When Tomcat or Jetty create a session they are going to
create a token
that represents the session will end up in the user's browser
or as part
of each subsequent request. By design, it is not possible for
multiple
end users to share this session, although I suppose it could
be done if
your proxy "owned" the session. However, I've never heard of a proxy
that would do that.
Can you explain why you would want multiple user's to share a single
session? In fact, why wouldn't you want each user to have
their own locale?
Ralph
Ard Schrijvers wrote:
Hello,
we run all our sites with httpd in front of cocoon (Jetty
or Tomcat), but we are kind of used to not rely on the locale
of the browser, because you cannot be sure all proxies
between the client and your application honour the locale
correctly (you might have proxies in between, for example a
proxy within a company, that caches pages but does not use
the locale..then the first locale gets the page, and
everybody else with different locale's see the same page. We
therefor user /nl, /en, /fr etc as a prefix in the url)
For the rest, I did not totally grasp the picture you
described here, with "changing the locale only the session
....etc". So, either you use the locale in the url, or try to
explain the timeline of events a little better, because i did
not get it. You did configure httpd (if you use mod_cache)
correctly to honour the locale?
Regards Ard
I have a multilingual website implemented with Cocoon 2.1.9 which
runs on top of Tomcat 5.5. I use
org.apache.cocoon.acting.LocaleAction to keep track of the
current
language and have set this up as follows:
<map:action logger="sitemap.action.locale" name="locale"
src="org.apache.cocoon.acting.LocaleAction">
<locale-attribute>locale</locale-attribute>
<create-session>true</create-session>
<store-in-request>false</store-in-request>
<store-in-session>true</store-in-session>
<store-in-cookie>false</store-in-cookie>
<use-locale>true</use-locale>
<default-locale language="en"/>
</map:action>
In other words, I store the current locale in the session.

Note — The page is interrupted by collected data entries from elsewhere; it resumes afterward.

definition G_lambda ::
  "(nat \<Rightarrow> 'b \<Rightarrow> complex) \<Rightarrow> complex^'n^'n \<Rightarrow> nat \<Rightarrow> complex \<Rightarrow> 'b \<Rightarrow> complex^'n^'n" where
  "G_lambda \<phi> R n x y =
     (\<Sum>(a, b, c) \<in> {(a, b, c). a + b + c = n}.
        mat (fact n / (fact a * fact b * fact c) * x ^ a * \<phi> b y * (-1) ^ c) ** cR R c)"

fun gam :: "(nat \<Rightarrow> 'b \<Rightarrow> complex) \<Rightarrow> 'b \<Rightarrow> nat \<Rightarrow> complex" where
  "gam \<phi> y 0 = 1 / \<phi> 0 y"
| "gam \<phi> y (Suc n) =
     - (1 / \<phi> 0 y) * (\<Sum>j\<in>{1..Suc n}. of_nat (Suc n choose j) * \<phi> j y * gam \<phi> y (Suc n - j))"

definition detn :: "nat \<Rightarrow> (nat \<Rightarrow> nat \<Rightarrow> complex) \<Rightarrow> complex" where
  "detn n A = (\<Sum>p | p permutes {..<n}. of_int (sign p) * (\<Prod>i<n. A i (p i)))"

text \<open>Scalar rows i = 1..n of M_n (rows/columns indexed from 0).\<close>
definition Mrow :: "(nat \<Rightarrow> complex) \<Rightarrow> nat \<Rightarrow> nat \<Rightarrow> complex" where
  "Mrow g i k = (if i - 1 \<le> k then of_nat (k choose (i - 1)) * g (k - (i - 1)) else 0)"

text \<open>Minor of M_n obtained by deleting row 0 and column k, as an n x n array.\<close>
definition Mminor :: "(nat \<Rightarrow> complex) \<Rightarrow> nat \<Rightarrow> nat \<Rightarrow> nat \<Rightarrow> complex" where
  "Mminor g k i' k' = Mrow g (Suc i') (if k' < k then k' else Suc k')"

end

theory Submission imports Defs "Jordan_Normal_Form.Determinant" begin

text \<open>Expanding the trinomial coefficients gives
  \<open>G_lambda n = (\<Sum>k\<le>n. (n choose k) \<phi>\<^sub>n\<^sub>-\<^sub>k \<lambda>\<^sub>k)\<close>, so only the
  coefficients have to be identified. Rows \<open>1..n\<close> of \<open>M\<^sub>n\<close> form an upper-triangular
  \<open>n \<times> (n+1)\<close> array, and the recursion defining \<open>\<gamma>\<close> says precisely that the vector
  \<open>v\<^sub>l = (n choose l) \<phi>\<^sub>n\<^sub>-\<^sub>l\<close> lies in its kernel. By Cramer's rule the signed maximal
  minors of an array with such a kernel vector are proportional to it; the minor without the
  last column is triangular with determinant \<open>\<gamma>\<^sub>0\<^sup>n\<close>, which fixes the constant.\<close>

lemma detn_eq_det: "detn n f = Determinant.det (Matrix.mat n n (\<lambda>(i, j). f i j))"
  unfolding detn_def
  by (subst det_def'[of _ n]) (auto intro!: sum.cong prod.cong simp: atLeast0LessThan permutes_def)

This works fine when I call up the website directly from
Tomcat (port
8084 in my case). However, I want to use Apache HTTPD 2.0 as a
reverse proxy. I have tried using mod_jk and mod_proxy (as
per http://
wiki.apache.org/cocoon/ApacheModProxy), but more than one
session is
being passed from HTTPD to Tomcat/Cocoon: when I change language,
only the session in which I changed the language gets changed
and the
other remains as it was.
I realise this is slightly off-topic for this list, but I thought
other Cocoon users might have experienced the same thing
and be able
to give me a hint as to how to force HTTPD and Tomcat to use
just one
session. I've spent all day googling, but all I find is
stuff about
load-balancing and sticky sessions when HTTPD is being used with
multiple workers. I just have one worker.